====== INPUT RECORDS

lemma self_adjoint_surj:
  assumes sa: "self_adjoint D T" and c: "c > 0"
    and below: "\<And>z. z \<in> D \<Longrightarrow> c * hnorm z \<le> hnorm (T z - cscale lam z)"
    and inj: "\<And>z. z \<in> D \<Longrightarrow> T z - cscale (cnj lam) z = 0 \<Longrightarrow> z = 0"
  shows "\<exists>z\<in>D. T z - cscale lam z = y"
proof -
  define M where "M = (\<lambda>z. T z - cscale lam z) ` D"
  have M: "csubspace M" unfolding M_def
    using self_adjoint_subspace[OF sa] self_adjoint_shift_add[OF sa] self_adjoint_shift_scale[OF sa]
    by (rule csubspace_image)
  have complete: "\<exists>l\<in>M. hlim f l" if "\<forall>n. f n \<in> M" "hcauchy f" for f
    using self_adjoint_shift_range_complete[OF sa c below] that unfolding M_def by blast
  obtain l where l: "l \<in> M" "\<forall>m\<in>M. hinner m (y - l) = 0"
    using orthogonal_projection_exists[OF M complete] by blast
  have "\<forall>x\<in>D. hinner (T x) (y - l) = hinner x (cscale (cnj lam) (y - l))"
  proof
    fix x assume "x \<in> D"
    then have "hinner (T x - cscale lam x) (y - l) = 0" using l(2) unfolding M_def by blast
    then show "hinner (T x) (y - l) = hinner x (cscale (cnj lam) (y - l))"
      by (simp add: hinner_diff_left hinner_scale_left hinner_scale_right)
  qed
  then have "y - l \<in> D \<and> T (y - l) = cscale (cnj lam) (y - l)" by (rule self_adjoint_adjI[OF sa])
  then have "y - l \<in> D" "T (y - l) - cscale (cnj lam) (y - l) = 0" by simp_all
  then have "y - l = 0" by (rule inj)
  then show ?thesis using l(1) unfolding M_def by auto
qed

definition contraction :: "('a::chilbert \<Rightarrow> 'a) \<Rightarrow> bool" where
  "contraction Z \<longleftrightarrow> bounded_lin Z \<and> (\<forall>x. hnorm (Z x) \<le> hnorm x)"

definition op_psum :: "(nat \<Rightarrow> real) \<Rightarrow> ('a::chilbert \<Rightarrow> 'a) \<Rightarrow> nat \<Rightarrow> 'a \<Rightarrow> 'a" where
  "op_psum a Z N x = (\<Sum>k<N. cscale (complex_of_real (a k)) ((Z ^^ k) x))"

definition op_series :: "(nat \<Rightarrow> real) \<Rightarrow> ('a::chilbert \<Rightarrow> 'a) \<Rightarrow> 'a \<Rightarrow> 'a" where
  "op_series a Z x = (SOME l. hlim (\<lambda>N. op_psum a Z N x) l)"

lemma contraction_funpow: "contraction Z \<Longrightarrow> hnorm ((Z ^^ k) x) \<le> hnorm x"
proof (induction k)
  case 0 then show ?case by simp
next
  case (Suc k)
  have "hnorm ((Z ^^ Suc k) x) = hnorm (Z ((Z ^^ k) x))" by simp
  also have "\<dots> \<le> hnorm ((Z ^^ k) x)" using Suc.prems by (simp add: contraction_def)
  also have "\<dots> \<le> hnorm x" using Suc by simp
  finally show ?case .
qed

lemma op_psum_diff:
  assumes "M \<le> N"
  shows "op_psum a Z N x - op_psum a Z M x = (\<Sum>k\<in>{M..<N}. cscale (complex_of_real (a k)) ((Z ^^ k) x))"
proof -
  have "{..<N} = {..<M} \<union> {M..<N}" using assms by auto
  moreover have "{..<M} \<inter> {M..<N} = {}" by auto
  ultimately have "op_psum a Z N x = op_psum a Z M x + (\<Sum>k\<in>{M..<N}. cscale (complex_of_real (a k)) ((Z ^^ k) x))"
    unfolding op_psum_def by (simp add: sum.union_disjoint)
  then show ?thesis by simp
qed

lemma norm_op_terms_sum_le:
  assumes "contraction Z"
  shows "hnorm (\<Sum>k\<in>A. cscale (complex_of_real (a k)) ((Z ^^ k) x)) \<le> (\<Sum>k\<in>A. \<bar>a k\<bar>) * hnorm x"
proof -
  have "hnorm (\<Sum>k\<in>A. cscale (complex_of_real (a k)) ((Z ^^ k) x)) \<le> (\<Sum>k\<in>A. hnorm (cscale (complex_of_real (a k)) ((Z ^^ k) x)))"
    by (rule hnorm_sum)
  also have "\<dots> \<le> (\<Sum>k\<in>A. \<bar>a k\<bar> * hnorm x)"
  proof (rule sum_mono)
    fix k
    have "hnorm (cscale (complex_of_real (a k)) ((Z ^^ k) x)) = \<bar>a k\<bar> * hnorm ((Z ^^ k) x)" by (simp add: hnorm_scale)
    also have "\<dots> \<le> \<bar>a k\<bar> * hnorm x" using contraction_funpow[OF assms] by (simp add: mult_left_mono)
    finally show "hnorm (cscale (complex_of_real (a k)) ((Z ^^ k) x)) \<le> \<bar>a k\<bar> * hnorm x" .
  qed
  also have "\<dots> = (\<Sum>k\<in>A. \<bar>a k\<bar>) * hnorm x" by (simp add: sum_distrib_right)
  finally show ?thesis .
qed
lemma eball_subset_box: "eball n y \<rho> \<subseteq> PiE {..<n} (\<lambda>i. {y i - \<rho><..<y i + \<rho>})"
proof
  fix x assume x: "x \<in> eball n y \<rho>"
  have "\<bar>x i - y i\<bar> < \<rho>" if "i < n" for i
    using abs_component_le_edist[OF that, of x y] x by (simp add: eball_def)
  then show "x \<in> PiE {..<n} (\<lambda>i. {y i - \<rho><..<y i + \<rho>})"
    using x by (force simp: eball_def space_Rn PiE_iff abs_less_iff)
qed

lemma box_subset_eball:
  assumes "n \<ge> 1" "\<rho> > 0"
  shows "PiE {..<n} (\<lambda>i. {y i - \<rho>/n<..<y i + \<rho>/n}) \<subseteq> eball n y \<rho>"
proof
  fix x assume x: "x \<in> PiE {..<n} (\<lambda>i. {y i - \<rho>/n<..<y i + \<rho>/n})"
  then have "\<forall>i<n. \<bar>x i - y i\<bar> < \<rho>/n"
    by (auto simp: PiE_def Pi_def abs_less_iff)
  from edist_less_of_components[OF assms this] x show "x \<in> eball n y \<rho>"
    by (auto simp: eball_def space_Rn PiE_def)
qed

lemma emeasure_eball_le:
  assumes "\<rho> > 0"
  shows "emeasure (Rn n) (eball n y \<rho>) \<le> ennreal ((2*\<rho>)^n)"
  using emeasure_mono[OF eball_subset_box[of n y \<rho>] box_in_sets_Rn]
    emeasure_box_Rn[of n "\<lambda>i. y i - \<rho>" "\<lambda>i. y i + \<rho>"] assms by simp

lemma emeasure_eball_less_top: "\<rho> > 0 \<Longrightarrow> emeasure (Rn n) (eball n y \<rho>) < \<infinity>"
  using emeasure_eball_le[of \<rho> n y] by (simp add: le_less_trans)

============

## PROBLEM TO WORK ON:
Take the line above containing "proof (rule sum_mono)", the line containing "(simp add: mult_left_mono)", and all lines in between, and copy them exactly without anything else.

## RESPONSE:
  proof (rule sum_mono)
    fix k
    have "hnorm (cscale (complex_of_real (a k)) ((Z ^^ k) x)) = \<bar>a k\<bar> * hnorm ((Z ^^ k) x)" by (simp add: hnorm_scale)
    also have "\<dots> \<le> \<bar>a k\<bar> * hnorm x" using contraction_funpow[OF assms] by (simp add: mult_left_mono)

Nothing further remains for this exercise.